→ Work to complete
In this exercise, the data must be written out exactly.

-------- Supplied entries --------

(* Let $\Omega$ be a classical Cartan domain of rank $r$ (setup below). Then its Shilov boundary is \[S_\Omega=\Big\{z\in\mathbb C^d:\ \Delta^{(\ell)}(z,z)=\binom{r}{\ell}\ \text{ for all } 1\le \ell\le r\Big\}.\]
   Context: Let $\Omega\subset\mathbb C^d$ be a classical (irreducible) Cartan domain of rank $r$ in its Harish-Chandra realization, viewed as the open unit ball of a Cartan factor $Z\cong\mathbb C^d$. Let $G$ be the identity component of $\mathrm{Aut}(\Omega)$ and $\mathbb K=\{g\in G: g(0)=0\}$; $\mathbb K$ consists of linear maps and so acts on all of $\mathbb C^d$. There is a Jordan frame $e_1,\dots,e_r$ (pairwise orthogonal minimal tripotents) such that every $z\in\mathbb C^d$ has a polar decomposition $z=k\cdot\sum_{j=1}^r t_je_j$ with $k\in\mathbb K$ and uniquely determined singular numbers $t_1\ge\dots\ge t_r\ge 0$; the spectral norm is $\|z\|=t_1$ and $\Omega=\{z:\|z\|<1\}$. The Shilov boundary of $\Omega$ is $S_\Omega=\{k\cdot e: k\in\mathbb K\}$ where $e=e_1+\dots+e_r$. The Jordan triple determinant $\Delta(z,w)$ is the unique $\mathbb K$-invariant sesqui-analytic polynomial (holomorphic in $z$, antiholomorphic in $w$) with $\Delta(z,z)=\prod_{j=1}^r(1-t_j^2)$. Write $\Delta(z,w)=\sum_{\ell=0}^r(-1)^\ell\Delta^{(\ell)}(z,w)$, where $\Delta^{(\ell)}$ is a sesqui-analytic polynomial homogeneous of bidegree $(\ell,\ell)$ (and $\Delta^{(0)}=1$). *)

theory Defs
  imports "Jordan_Normal_Form.Determinant" "HOL-Computational_Algebra.Polynomial"
begin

--------

→ Answer space
(* Let $\Omega$ be a classical Cartan domain of rank $r$ (setup below). Then its Shilov boundary is \[S_\Omega=\Big\{z\in\mathbb C^d:\ \Delta^{(\ell)}(z,z)=\binom{r}{\ell}\ \text{ for all } 1\le \ell\le r\Big\}.\]
   Context: Let $\Omega\subset\mathbb C^d$ be a classical (irreducible) Cartan domain of rank $r$ in its Harish-Chandra realization, viewed as the open unit ball of a Cartan factor $Z\cong\mathbb C^d$. Let $G$ be the identity component of $\mathrm{Aut}(\Omega)$ and $\mathbb K=\{g\in G: g(0)=0\}$; $\mathbb K$ consists of linear maps and so acts on all of $\mathbb C^d$. There is a Jordan frame $e_1,\dots,e_r$ (pairwise orthogonal minimal tripotents) such that every $z\in\mathbb C^d$ has a polar decomposition $z=k\cdot\sum_{j=1}^r t_je_j$ with $k\in\mathbb K$ and uniquely determined singular numbers $t_1\ge\dots\ge t_r\ge 0$; the spectral norm is $\|z\|=t_1$ and $\Omega=\{z:\|z\|<1\}$. The Shilov boundary of $\Omega$ is $S_\Omega=\{k\cdot e: k\in\mathbb K\}$ where $e=e_1+\dots+e_r$. The Jordan triple determinant $\Delta(z,w)$ is the unique $\mathbb K$-invariant sesqui-analytic polynomial (holomorphic in $z$, antiholomorphic in $w$) with $\Delta(z,z)=\prod_{j=1}^r(1-t_j^2)$. Write $\Delta(z,w)=\sum_{\ell=0}^r(-1)^\ell\Delta^{(\ell)}(z,w)$, where $\Delta^{(\ell)}$ is a sesqui-analytic polynomial homogeneous of bidegree $(\ell,\ell)$ (and $\Delta^{(0)}=1$). *)

theory Defs
  imports "Jordan_Normal_Form.Determinant" "HOL-Computational_Algebra.Polynomial"
begin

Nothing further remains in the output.